Climate-change committee warns that new strategy is needed for UK heat policy

heat policy, heat, heating

The Government needs a credible new strategy if greenhouse-gas emissions are to be largely eliminated by around 2050, according to the Committee on Climate Change in its report ‘Next steps for UK heat policy’ published last month (October 2016). Heating and hot water for UK buildings make up around 40% of our energy consumption and 20% of greenhouse-gas emissions, but ‘progress to date has stalled’, according to the report.

Among recommendations for immediate action [in the next decade] is for new buildings to be constructed so that they will not require retrofit in 15 years’ time. The recommendation is that ‘they should be highly energy efficient and designed to accommodate low-carbon heating from the start, meaning that it is possible to optimise the overall system efficiency and comfort at building level’.

The report also urges that energy efficiency should be improved across the existing building stock — with one objective being to make them more suitable for low-carbon heating in the future.
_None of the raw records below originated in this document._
(* Let $\mathcal{U}\subset\mathbb{C}^n$ be open with coordinates $z^\alpha$ ($\alpha=1,\dots,n$), and let $V=\begin{pmatrix}X^A\\ F_A\end{pmatrix}$ ($A=1,\dots,n$) be a holomorphic map $\mathcal{U}\to\mathbb{C}^{2n}$ such that $g_{\alpha\bar\beta}:=i\langle\partial_\alpha V,\overline{\partial_\beta V}\rangle$ is positive definite and $\langle\partial_\alpha V,\partial_\beta V\rangle=0$ for all $\alpha,\beta$. Then the matrix $e^A{}_\alpha=\partial_\alpha X^A$ is invertible, and locally there exists a holomorphic function $F(X)$ of $X^1,\dots,X^n$ such that $F_A=\partial F/\partial X^A$.
   Context: $\langle V,W\rangle=V^T\Omega W$ with $\Omega=\begin{pmatrix}0&\mathbb{1}\\-\mathbb{1}&0\end{pmatrix}$ ($n\times n$ blocks). *)

theory Defs
  imports "HOL-Analysis.Analysis"
begin

definition holo_on :: "(complex^'n \<Rightarrow> complex) \<Rightarrow> (complex^'n) set \<Rightarrow> bool" where
  "holo_on f S \<longleftrightarrow>
     (\<forall>z\<in>S. \<exists>D. (f has_derivative D) (at z) \<and> (\<forall>c v. D (c *s v) = c * D v))"

definition pd :: "(complex^'n \<Rightarrow> complex) \<Rightarrow> 'n \<Rightarrow> complex^'n \<Rightarrow> complex" where
  "pd f a z = frechet_derivative f (at z) (axis a 1)"

text \<open>Symplectic pairing on C^{2n} = C^n x C^n, V = (X, F):
  <V,W> = V^T Omega W with Omega = ((0, 1), (-1, 0)).\<close>
definition symp :: "((complex^'n) \<times> (complex^'n)) \<Rightarrow> ((complex^'n) \<times> (complex^'n)) \<Rightarrow> complex" where
  "symp V W = (\<Sum>A\<in>UNIV. fst V $ A * snd W $ A - snd V $ A * fst W $ A)"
The widely differing levels of energy efficiency in existing buildings is noted, and it is suggested that in many cases the gap between the best and poor performing buildings could be reduced substantially by installing insulation or a new boiler.

There is little enthusiasm for injecting biomethane into the gas grid as a means of decarbonising supply without requiring changes from consumers. Its potential is said to be limited to around 5% of gas consumption.
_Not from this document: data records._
(* For $\theta>0$ and $\sigma>0$, \[\rho_2(\theta,\sigma^2):=\int_{\mathbb{R}^3}\mathbb{E}\,\psi\Big(\theta\int_0^1\frac{ds}{|x+X_0(s)|^2}\Big)dx\le\frac83\pi^{3/2}\theta^{3/2}.\]
   Context: $X_0=\sigma W$ where $W$ is a standard $3$-dimensional Brownian motion from $0$; $\mathbb{E}$ is expectation over $X_0$. $\psi(a)=e^{-a}-1+a$ for $a\ge0$. *)

theory Defs
  imports "HOL-Probability.Probability"
begin

definition psi :: "real \<Rightarrow> real" where
  "psi a = exp (- a) - 1 + a"

text \<open>Extension of psi to [0, infinity]: psi(infinity) = infinity (psi(a) -> infinity as a -> infinity).\<close>
definition psi_ext :: "ennreal \<Rightarrow> ennreal" where
  "psi_ext a = (if a = \<top> then \<top> else ennreal (psi (enn2real a)))"

definition std_BM3 :: "'a measure \<Rightarrow> (real \<Rightarrow> 'a \<Rightarrow> real^3) \<Rightarrow> bool" where
  "std_BM3 M W \<longleftrightarrow>
     prob_space M \<and>
     (\<forall>t. W t \<in> borel_measurable M) \<and>
     (\<forall>\<omega>\<in>space M. W 0 \<omega> = 0 \<and> continuous_on {0..} (\<lambda>t. W t \<omega>)) \<and>
     (\<forall>(ts :: nat \<Rightarrow> real) n. 0 \<le> ts 0 \<longrightarrow> (\<forall>i<n. ts i < ts (Suc i)) \<longrightarrow>
        prob_space.indep_vars M (\<lambda>_. borel)
          (\<lambda>(k, i) \<omega>. (W (ts (Suc i)) \<omega> - W (ts i) \<omega>) $ k) (UNIV \<times> {..<n})) \<and>
     (\<forall>s t k. 0 \<le> s \<longrightarrow> s < t \<longrightarrow>
        distributed M lborel (\<lambda>\<omega>. (W t \<omega> - W s \<omega>) $ k)
          (\<lambda>x. ennreal (normal_density 0 (sqrt (t - s)) x)))"

end

theory Submission
  imports Defs
begin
The is much more enthusiasm for a large-scale shift to a hydrogen gas supply, which is ‘technically feasible for existing gas-distribution networks’.

District-heating schemes require a certain density of heat demand in order to be economic, which means they are suited to urban areas, new-build developments and some rural areas. They have the potential to use low-carbon heat sources.

Heat pumps are seen as the leading low-carbon option for buildings not connected to the gas grid, but with improved building efficiency being an essential part of effective heat-pump roll-out. The installation of around 200 000 heat pumps between 2015 and 2020 under the report’s scenarios is said to be consistent with RHI funding available to 2020.

The report concludes by stating that one of the principles that should develop the guidance of policy is a joined-up approach to energy efficiency and low-carbon heat that works across the building-stock and focuses on real-world performance where possible. ‘Emissions reductions can be achieved by improving energy efficiency and by shifting to low-carbon fuels.’